Information given START

lemma op2_id:
  assumes "in_tensor2 b c w" shows "op2 b c delta delta w = w"
proof (intro ext)
  fix j l
  have "(\<Sum>j'<b. \<Sum>l'<c. delta j j' * delta l l' * w j' l') = (\<Sum>j'<b. delta j j' * (\<Sum>l'<c. delta l l' * w j' l'))"
    by (simp add: sum_distrib_left mult.assoc)
  then show "op2 b c delta delta w j l = w j l"
    using assms unfolding op2_def in_tensor2_def by (simp add: sum_delta_left)
qed

lemma op2_zero: "op2 b c f2 f3 (\<lambda>j l. 0) = (\<lambda>j l. 0)"
  unfolding op2_def by (intro ext) simp

lemma lop_id:
  assumes "in_tensor3 a b c T" shows "lop a b c delta delta delta T = T"
proof (rule ext)
  fix i
  show "lop a b c delta delta delta T i = T i"
  proof (cases "i < a")
    case True
    then show ?thesis by (simp add: lop_slice_delta op2_id slice_in_tensor2[OF assms])
  next
    case False
    then have "T i = (\<lambda>j l. 0)" using assms unfolding in_tensor3_def by (intro ext) auto
    then show ?thesis using False unfolding lop_def by simp
  qed
qed

lemma sum_swap_outer:
  "(\<Sum>j\<in>B. \<Sum>l\<in>C. \<Sum>i\<in>I. F i j l) = (\<Sum>i\<in>I. \<Sum>j\<in>B. \<Sum>l\<in>C. F i j l)"
proof -
  have "(\<Sum>j\<in>B. \<Sum>l\<in>C. \<Sum>i\<in>I. F i j l) = (\<Sum>j\<in>B. \<Sum>i\<in>I. \<Sum>l\<in>C. F i j l)"
    by (rule sum.cong[OF refl], rule sum.swap)
  also have "\<dots> = (\<Sum>i\<in>I. \<Sum>j\<in>B. \<Sum>l\<in>C. F i j l)" by (rule sum.swap)
  finally show ?thesis .
qed

lemma op2_lin:
  "op2 b c f2 f3 (\<lambda>j l. \<Sum>i\<in>I. co i * w i j l) = (\<lambda>j l. \<Sum>i\<in>I. co i * op2 b c f2 f3 (w i) j l)"
proof (intro ext)
  fix j l
  have "(\<Sum>j'<b. \<Sum>l'<c. f2 j j' * f3 l l' * (\<Sum>i\<in>I. co i * w i j' l'))
      = (\<Sum>j'<b. \<Sum>l'<c. \<Sum>i\<in>I. co i * (f2 j j' * f3 l l' * w i j' l'))"
    by (simp add: sum_distrib_left algebra_simps)
  also have "\<dots> = (\<Sum>i\<in>I. \<Sum>j'<b. \<Sum>l'<c. co i * (f2 j j' * f3 l l' * w i j' l'))"
    by (rule sum_swap_outer)
  also have "\<dots> = (\<Sum>i\<in>I. co i * (\<Sum>j'<b. \<Sum>l'<c. f2 j j' * f3 l l' * w i j' l'))"
    by (simp add: sum_distrib_left)
  finally show "op2 b c f2 f3 (\<lambda>j l. \<Sum>i\<in>I. co i * w i j l) j l = (\<Sum>i\<in>I. co i * op2 b c f2 f3 (w i) j l)"
    unfolding op2_def by (cases "j < b \<and> l < c") auto
qed

lemma sum_swap_pairs:
  "(\<Sum>j\<in>B. \<Sum>l\<in>C. \<Sum>j'\<in>B'. \<Sum>l'\<in>C'. F j l j' l') = (\<Sum>j'\<in>B'. \<Sum>l'\<in>C'. \<Sum>j\<in>B. \<Sum>l\<in>C. F j l j' l')"
proof -
  have "(\<Sum>j\<in>B. \<Sum>l\<in>C. \<Sum>j'\<in>B'. \<Sum>l'\<in>C'. F j l j' l') = (\<Sum>j\<in>B. \<Sum>j'\<in>B'. \<Sum>l\<in>C. \<Sum>l'\<in>C'. F j l j' l')"
    by (rule sum.cong[OF refl], rule sum.swap)
  also have "\<dots> = (\<Sum>j'\<in>B'. \<Sum>j\<in>B. \<Sum>l\<in>C. \<Sum>l'\<in>C'. F j l j' l')"
    by (rule sum.swap)
  also have "\<dots> = (\<Sum>j'\<in>B'. \<Sum>j\<in>B. \<Sum>l'\<in>C'. \<Sum>l\<in>C. F j l j' l')"
    by (rule sum.cong[OF refl], rule sum.cong[OF refl], rule sum.swap)
  also have "\<dots> = (\<Sum>j'\<in>B'. \<Sum>l'\<in>C'. \<Sum>j\<in>B. \<Sum>l\<in>C. F j l j' l')"
    by (rule sum.cong[OF refl], rule sum.swap)
  finally show ?thesis .
qed

lemma op2_comp: "op2 b c g2 g3 (op2 b c f2 f3 w) = op2 b c (mmul b g2 f2) (mmul c g3 f3) w"
proof (intro ext)
  fix j l
  have "(\<Sum>j'<b. \<Sum>l'<c. g2 j j' * g3 l l' * op2 b c f2 f3 w j' l')
      = (\<Sum>j'<b. \<Sum>l'<c. \<Sum>j''<b. \<Sum>l''<c. (g2 j j' * f2 j' j'') * (g3 l l' * f3 l' l'') * w j'' l'')"
    unfolding op2_def by (intro sum.cong refl) (simp add: sum_distrib_left algebra_simps)
  also have "\<dots> = (\<Sum>j''<b. \<Sum>l''<c. \<Sum>j'<b. \<Sum>l'<c. (g2 j j' * f2 j' j'') * (g3 l l' * f3 l' l'') * w j'' l'')"
    by (rule sum_swap_pairs)
  also have "\<dots> = (\<Sum>j''<b. \<Sum>l''<c. mmul b g2 f2 j j'' * mmul c g3 f3 l l'' * w j'' l'')"
    by (simp only: mmul_def sum_product) (simp only: sum_distrib_right)
  finally show "op2 b c g2 g3 (op2 b c f2 f3 w) j l = op2 b c (mmul b g2 f2) (mmul c g3 f3) w j l"
    unfolding op2_def[of b c g2 g3] op2_def[of b c "mmul b g2 f2"] by simp
qed

lemma op2_inverse:
  assumes "inv_pair b f2 g2" "inv_pair c f3 g3" "in_tensor2 b c w"
  shows "op2 b c g2 g3 (op2 b c f2 f3 w) = w"
proof -
  have "op2 b c g2 g3 (op2 b c f2 f3 w) = op2 b c delta delta w"
    unfolding op2_comp by (rule op2_cong) (use assms in \<open>auto simp: inv_pair_def\<close>)
  then show ?thesis using op2_id[OF assms(3)] by simp
qed

lemma op2_kernel:
  assumes "inv_pair b f2 g2" "inv_pair c f3 g3" "in_tensor2 b c w"
    and zero: "\<forall>j<b. \<forall>l<c. op2 b c f2 f3 w j l = 0"
  shows "\<forall>j<b. \<forall>l<c. w j l = 0"
proof -
  have "op2 b c f2 f3 w j l = 0" for j l
    using zero by (cases "j < b \<and> l < c") (simp_all add: op2_def)
  then have "op2 b c f2 f3 w = (\<lambda>j l. 0)" by (intro ext)
  then have "w = op2 b c g2 g3 (\<lambda>j l. 0)" using op2_inverse[OF assms(1-3)] by simp
  then show ?thesis by (simp add: op2_zero)
qed

lemma sum_mmul:
  "(\<Sum>i'<n. g i i' * (\<Sum>i''<n. f i' i'' * y i'')) = (\<Sum>i''<n. mmul n g f i i'' * y i'')"
proof -
  have "(\<Sum>i'<n. g i i' * (\<Sum>i''<n. f i' i'' * y i'')) = (\<Sum>i'<n. \<Sum>i''<n. g i i' * f i' i'' * y i'')"
    by (simp add: sum_distrib_left mult.assoc)
  also have "\<dots> = (\<Sum>i''<n. \<Sum>i'<n. g i i' * f i' i'' * y i'')" by (rule sum.swap)
  finally show ?thesis unfolding mmul_def by (simp add: sum_distrib_right)
qed
(* Fix an architecture $(\mathbf d,\mathbf k,\mathbf s)$ of depth $N$, training data $X=(x_1,\dots,x_m)\in\mathbb{R}^{d_0\times m}$, $Y=(y_1,\dots,y_m)\in\mathbb{R}^{d_N\times m}$ and a differentiable loss $\ell:\mathbb{R}^{d_N}\times\mathbb{R}^{d_N}\to\mathbb{R}$, and let $\mathcal{L}(\vec w)=\sum_{i=1}^m\ell(\Pi(\vec w)x_i,y_i)$ on $\mathbb{R}^{\bar k}$, $\bar k=\sum_{i=1}^N k_i$. Suppose that $\mathcal{L}$ is twice continuously differentiable and satisfies the Łojasiewicz gradient inequality at every point of $\mathbb{R}^{\bar k}$. For a given $\vec w_0\in\mathbb{R}^{\bar k}$ consider the gradient system \[ \frac{d\vec w(t)}{dt}=-\nabla\mathcal{L}(\vec w(t)),\qquad \vec w(0)=\vec w_0. \] Then: (1) There exists a maximal open interval $I$ with $0\in I$ and a unique integral curve $\vec w:I\to\mathbb{R}^{\bar k}$ solving this system. (2) With $I$ as in (1), suppose there exists a non-decreasing function $g:\mathbb{R}\to\mathbb{R}_{\ge0}$ such that $\|\pi(\vec w)\|_1\le g(\mathcal{L}(\vec w))$ for all $\vec w\in\mathbb{R}^{\bar k}$. Then $\vec w(t)$ is defined and bounded for all $t\ge0$, and $\vec w(t)$ converges to a critical point of $\mathcal{L}$ as $t\to\infty$.
   Context: An architecture of depth $N$ is a triple $(\mathbf d,\mathbf k,\mathbf s)=((d_0,\dots,d_N),(k_1,\dots,k_N),(s_1,\dots,s_N))$ of positive integers with $d_i=\frac{d_{i-1}-k_i}{s_i}+1$ for $i=1,\dots,N$. For a filter $w\in\mathbb{R}^{k}$ and stride $s$, the convolutional matrix $\Pi_{(d',d''),k,s}(w)\in\mathbb{R}^{d''\times d'}$ (with $d''=\frac{d'-k}{s}+1$) has entries $W_{j,(j-1)s+n}=w_n$ for $j\in\{1,\dots,d''\}$, $n\in\{1,\dots,k\}$, and all other entries $0$. For $\vec w=(w^{(1)},\dots,w^{(N)})$ with $w^{(i)}\in\mathbb{R}^{k_i}$ (identified with a vector in $\mathbb{R}^{\bar k}$), set $\Pi(\vec w):=W_N W_{N-1}\cdots W_1$ with $W_i=\Pi_{(d_{i-1},d_i),k_i,s_i}(w^{(i)})$. The matrix $\Pi(\vec w)$ is again a convolutional matrix with stride $s_v=\prod_{i=1}^N s_i$ and filter width $k_v=k_1+\sum_{i=2}^N(k_i-1)\prod_{m=1}^{i-1}s_m$; its filter $v\in\mathbb{R}^{k_v}$ is denoted $\pi(\vec w)$ (the "final filter"). Equivalently, $\sum_{j=0}^{k_v-1}v_{j+1}x^j=\prod_{i=1}^N\sum_{j=0}^{k_i-1}w^{(i)}_{j+1}x^{j\prod_{n=1}^{i-1}s_n}$. $\|\cdot\|_1$ is the $\ell_1$-norm on $\mathbb{R}^{k_v}$. A differentiable $\phi:\mathbb{R}^n\to\mathbb{R}$ satisfies the Łojasiewicz gradient inequality at $x$ if there exist a neighborhood $U$ of $x$ and constants $c>0$, $\mu\in[0,1)$ with $|\phi(x)-\phi(y)|^\mu\le c\|\nabla\phi(y)\|$ for all $y\in U$. *)

theory Defs
  imports "HOL-Analysis.Analysis"
begin

definition architecture :: "nat \<Rightarrow> (nat \<Rightarrow> nat) \<Rightarrow> (nat \<Rightarrow> nat) \<Rightarrow> (nat \<Rightarrow> nat) \<Rightarrow> bool" where
  "architecture N d k s \<longleftrightarrow>
     (\<forall>i\<le>N. 0 < d i) \<and>
     (\<forall>i\<in>{1..N}. 0 < k i \<and> 0 < s i \<and>
        real (d i) = (real (d (i - 1)) - real (k i)) / real (s i) + 1)"

text \<open>Matrices as functions nat => nat => real (0-indexed rows/columns).
  Convolutional matrix with filter w (0-indexed, width k) and stride s:
  entry (j, j*s + n) is w n for n < k (0-indexed form of W_{j,(j-1)s+n} = w_n).\<close>
definition conv_mat :: "nat \<Rightarrow> nat \<Rightarrow> (nat \<Rightarrow> real) \<Rightarrow> nat \<Rightarrow> nat \<Rightarrow> real" where
  "conv_mat k s w = (\<lambda>j c. if j * s \<le> c \<and> c < j * s + k then w (c - j * s) else 0)"

definition mat_mult :: "nat \<Rightarrow> (nat \<Rightarrow> nat \<Rightarrow> real) \<Rightarrow> (nat \<Rightarrow> nat \<Rightarrow> real) \<Rightarrow> nat \<Rightarrow> nat \<Rightarrow> real" where
  "mat_mult m A B = (\<lambda>r c. \<Sum>t<m. A r t * B t c)"

text \<open>net_mat d k s F i = W_i ... W_1 (identity for i = 0), F i = filter of layer i.\<close>
fun net_mat :: "(nat \<Rightarrow> nat) \<Rightarrow> (nat \<Rightarrow> nat) \<Rightarrow> (nat \<Rightarrow> nat) \<Rightarrow> (nat \<Rightarrow> nat \<Rightarrow> real) \<Rightarrow> nat \<Rightarrow> nat \<Rightarrow> nat \<Rightarrow> real" where
  "net_mat d k s F 0 = (\<lambda>r c. if r = c then 1 else 0)"
| "net_mat d k s F (Suc i) =
     mat_mult (d i) (conv_mat (k (Suc i)) (s (Suc i)) (F (Suc i))) (net_mat d k s F i)"

definition kbar :: "nat \<Rightarrow> (nat \<Rightarrow> nat) \<Rightarrow> nat" where
  "kbar N k = (\<Sum>i\<in>{1..N}. k i)"

definition kv :: "nat \<Rightarrow> (nat \<Rightarrow> nat) \<Rightarrow> (nat \<Rightarrow> nat) \<Rightarrow> nat" where
  "kv N k s = k 1 + (\<Sum>i\<in>{2..N}. (k i - 1) * (\<Prod>j\<in>{1..<i}. s j))"

text \<open>Splitting a parameter vector in R^kbar (coordinates enumerated by pidx : {0..<kbar} -> 'n)
  into the filters w^(1),...,w^(N): w^(i)_n (0-indexed) is coordinate (k_1+...+k_{i-1}) + n.\<close>
definition filters_of :: "(nat \<Rightarrow> nat) \<Rightarrow> (nat \<Rightarrow> 'n::finite) \<Rightarrow> real^'n \<Rightarrow> nat \<Rightarrow> nat \<Rightarrow> real" where
  "filters_of k pidx x = (\<lambda>i n. x $ pidx ((\<Sum>j\<in>{1..<i}. k j) + n))"

definition Pi_net :: "nat \<Rightarrow> (nat \<Rightarrow> nat) \<Rightarrow> (nat \<Rightarrow> nat) \<Rightarrow> (nat \<Rightarrow> nat) \<Rightarrow> (nat \<Rightarrow> 'n::finite) \<Rightarrow> real^'n \<Rightarrow> nat \<Rightarrow> nat \<Rightarrow> real" where
  "Pi_net N d k s pidx x = net_mat d k s (filters_of k pidx x) N"

text \<open>The final filter pi(w): the filter of the convolutional matrix Pi(w), i.e. its first row
  (entries 0..kv-1); its l1 norm.\<close>
definition final_filter :: "nat \<Rightarrow> (nat \<Rightarrow> nat) \<Rightarrow> (nat \<Rightarrow> nat) \<Rightarrow> (nat \<Rightarrow> nat) \<Rightarrow> (nat \<Rightarrow> 'n::finite) \<Rightarrow> real^'n \<Rightarrow> nat \<Rightarrow> real" where
  "final_filter N d k s pidx x = (\<lambda>n. Pi_net N d k s pidx x 0 n)"

definition final_filter_l1 :: "nat \<Rightarrow> (nat \<Rightarrow> nat) \<Rightarrow> (nat \<Rightarrow> nat) \<Rightarrow> (nat \<Rightarrow> nat) \<Rightarrow> (nat \<Rightarrow> 'n::finite) \<Rightarrow> real^'n \<Rightarrow> real" where
  "final_filter_l1 N d k s pidx x = (\<Sum>n<kv N k s. \<bar>final_filter N d k s pidx x n\<bar>)"

text \<open>Network output Pi(w) x for an input x in R^{d_0} (given by its coordinates 0..d_0-1),
  as a vector in R^{d_N} whose coordinates are enumerated by oidx : {0..<d N} -> 'o.\<close>
definition net_out :: "nat \<Rightarrow> (nat \<Rightarrow> nat) \<Rightarrow> (nat \<Rightarrow> nat) \<Rightarrow> (nat \<Rightarrow> nat) \<Rightarrow> (nat \<Rightarrow> 'n::finite) \<Rightarrow> (nat \<Rightarrow> 'o::finite) \<Rightarrow> real^'n \<Rightarrow> (nat \<Rightarrow> real) \<Rightarrow> real^'o" where
  "net_out N d k s pidx oidx x inp =
     (\<chi> j. \<Sum>c<d 0. Pi_net N d k s pidx x (inv_into {..<d N} oidx j) c * inp c)"

definition train_loss :: "nat \<Rightarrow> (nat \<Rightarrow> nat) \<Rightarrow> (nat \<Rightarrow> nat) \<Rightarrow> (nat \<Rightarrow> nat) \<Rightarrow> (nat \<Rightarrow> 'n::finite) \<Rightarrow> (nat \<Rightarrow> 'o::finite)
    \<Rightarrow> ((real^'o) \<times> (real^'o) \<Rightarrow> real) \<Rightarrow> nat \<Rightarrow> (nat \<Rightarrow> nat \<Rightarrow> real) \<Rightarrow> (nat \<Rightarrow> real^'o) \<Rightarrow> real^'n \<Rightarrow> real" where
  "train_loss N d k s pidx oidx l m X Y x = (\<Sum>i<m. l (net_out N d k s pidx oidx x (X i), Y i))"

text \<open>Power with the convention a^0 = 1 (also for a = 0), for a >= 0.\<close>
definition loj_pow :: "real \<Rightarrow> real \<Rightarrow> real" where
  "loj_pow a \<mu> = (if \<mu> = 0 then 1 else a powr \<mu>)"

definition lojasiewicz_at :: "('a::real_normed_vector \<Rightarrow> real) \<Rightarrow> ('a \<Rightarrow> 'a) \<Rightarrow> 'a \<Rightarrow> bool" where
  "lojasiewicz_at \<phi> G x \<longleftrightarrow>
     (\<exists>U c \<mu>. open U \<and> x \<in> U \<and> c > 0 \<and> 0 \<le> \<mu> \<and> \<mu> < 1 \<and>
        (\<forall>y\<in>U. loj_pow \<bar>\<phi> x - \<phi> y\<bar> \<mu> \<le> c * norm (G y)))"

definition grad_flow_sol :: "('a::real_normed_vector \<Rightarrow> 'a) \<Rightarrow> 'a \<Rightarrow> real set \<Rightarrow> (real \<Rightarrow> 'a) \<Rightarrow> bool" where
  "grad_flow_sol G w0 I w \<longleftrightarrow>
     0 \<in> I \<and> w 0 = w0 \<and> (\<forall>t\<in>I. (w has_vector_derivative - G (w t)) (at t))"

end

theory Submission
  imports Defs
begin

(* The gradient field is C^1, hence Lipschitz on bounded sets, so Picard iteration and Gronwall's
   inequality give a unique maximal integral curve; it exists for all t >= 0 as soon as it stays
   bounded there.  Boundedness comes from the network structure: the loss depends on w only through
   Pi(w), which does not change when the layer filters are rescaled by factors with product 1, so the
   flow conserves the differences ||w^(i)||^2 - ||w^(1)||^2.  Moreover ||pi(w)||_1 is bounded below
   by a positive multiple of the product of the layer norms (the lowest-order coefficient of a
   product of nonzero polynomials is nonzero; then use homogeneity and compactness).  As the loss
   decreases along the flow, the hypothesis on g bounds that product, and together with the
   conserved differences every layer norm.  Finally, a bounded gradient flow of a function with the
   Lojasiewicz property has finite length near an accumulation point, hence converges, and its
   limit is a critical point. *)

section \<open>Locally Lipschitz ordinary differential equations\<close>

definition ode_solution :: "('a::real_normed_vector \<Rightarrow> 'a) \<Rightarrow> 'a \<Rightarrow> real set \<Rightarrow> (real \<Rightarrow> 'a) \<Rightarrow> bool" where
  "ode_solution F x0 I y \<longleftrightarrow> 0 \<in> I \<and> y 0 = x0 \<and> (\<forall>t\<in>I. (y has_vector_derivative F (y t)) (at t))"

lemma ode_solution_on_segment:
  assumes "ode_solution F x0 I y" "is_interval I" "t \<in> I" "\<tau> \<in> {0..t}"
  shows "(y has_vector_derivative F (y \<tau>)) (at \<tau>)"
proof -
  have "\<tau> \<in> I"
    using assms unfolding ode_solution_def is_interval_1 by (meson atLeastAtMost_iff)
  then show ?thesis
    using assms(1) by (simp add: ode_solution_def)
qed

lemma has_real_derivative_inner_self:
  fixes u :: "real \<Rightarrow> 'a::real_inner"
  assumes "(u has_vector_derivative u') (at t)"
  shows "((\<lambda>\<tau>. u \<tau> \<bullet> u \<tau>) has_real_derivative 2 * (u t \<bullet> u')) (at t)"
  using bounded_bilinear.has_vector_derivative[OF bounded_bilinear_inner assms assms]
  by (simp add: has_real_derivative_iff_has_vector_derivative inner_commute)

lemma gradient_chain_rule:
  assumes "(f has_derivative (\<lambda>h. g \<bullet> h)) (at (w t))" and "(w has_vector_derivative v) (at t)"
  shows "((\<lambda>\<tau>. f (w \<tau>)) has_real_derivative g \<bullet> v) (at t)"
proof -
  have "((\<lambda>\<tau>. f (w \<tau>)) has_derivative (\<lambda>h. g \<bullet> (h *\<^sub>R v))) (at t)"
    using has_derivative_compose[OF assms(2)[unfolded has_vector_derivative_def] assms(1)] .
  then show ?thesis
    unfolding has_field_derivative_def by (rule has_derivative_eq_rhs) auto
qed

lemma has_vector_derivative_imp_continuous_on:
  assumes "\<And>t. t \<in> S \<Longrightarrow> (y has_vector_derivative y' t) (at t)"
  shows "continuous_on S y"
  by (rule continuous_on_vector_derivative, rule has_vector_derivative_at_within, rule assms)

lemma gronwall_zero_forward:
  fixes e e' :: "real \<Rightarrow> real"
  assumes ab: "a \<le> b"
    and deriv: "\<And>\<tau>. \<tau> \<in> {a..b} \<Longrightarrow> (e has_real_derivative e' \<tau>) (at \<tau>)"
    and growth: "\<And>\<tau>. \<tau> \<in> {a..b} \<Longrightarrow> e' \<tau> \<le> C * e \<tau>"
    and nonneg: "0 \<le> e b" and zero: "e a = 0"
  shows "e b = 0"
proof -
  have cont: "continuous_on {a..b} e"
    using deriv by (meson DERIV_isCont continuous_at_imp_continuous_on)
  have "e b * exp (- C * b) \<le> e a * exp (- C * a)"
  proof (rule DERIV_nonpos_imp_decreasing_open[OF ab])
    fix x assume x: "a < x" "x < b"
    have "((\<lambda>\<tau>. e \<tau> * exp (- C * \<tau>)) has_real_derivative (e' x - C * e x) * exp (- C * x)) (at x)"
      using x by (auto intro!: derivative_eq_intros deriv simp: algebra_simps)
    moreover have "(e' x - C * e x) * exp (- C * x) \<le> 0"
      using growth[of x] x by (intro mult_nonpos_nonneg) auto
    ultimately show "\<exists>y. ((\<lambda>\<tau>. e \<tau> * exp (- C * \<tau>)) has_real_derivative y) (at x) \<and> y \<le> 0"
      by blast
  qed (intro continuous_intros cont)
  then show ?thesis
    using nonneg zero by (simp add: mult_le_0_iff)
qed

Information given END

◆ **Problem details**
Transcribe the records from their first line. Stop after the line with "l) = (\<Sum>i\<in>I.", including it.

◆ **Your response**
lemma op2_id:
  assumes "in_tensor2 b c w" shows "op2 b c delta delta w = w"
proof (intro ext)
  fix j l
  have "(\<Sum>j'<b. \<Sum>l'<c. delta j j' * delta l l' * w j' l') = (\<Sum>j'<b. delta j j' * (\<Sum>l'<c. delta l l' * w j' l'))"
    by (simp add: sum_distrib_left mult.assoc)
  then show "op2 b c delta delta w j l = w j l"
    using assms unfolding op2_def in_tensor2_def by (simp add: sum_delta_left)
qed

lemma op2_zero: "op2 b c f2 f3 (\<lambda>j l. 0) = (\<lambda>j l. 0)"
  unfolding op2_def by (intro ext) simp

lemma lop_id:
  assumes "in_tensor3 a b c T" shows "lop a b c delta delta delta T = T"
proof (rule ext)
  fix i
  show "lop a b c delta delta delta T i = T i"
  proof (cases "i < a")
    case True
    then show ?thesis by (simp add: lop_slice_delta op2_id slice_in_tensor2[OF assms])
  next
    case False
    then have "T i = (\<lambda>j l. 0)" using assms unfolding in_tensor3_def by (intro ext) auto
    then show ?thesis using False unfolding lop_def by simp
  qed
qed

lemma sum_swap_outer:
  "(\<Sum>j\<in>B. \<Sum>l\<in>C. \<Sum>i\<in>I. F i j l) = (\<Sum>i\<in>I. \<Sum>j\<in>B. \<Sum>l\<in>C. F i j l)"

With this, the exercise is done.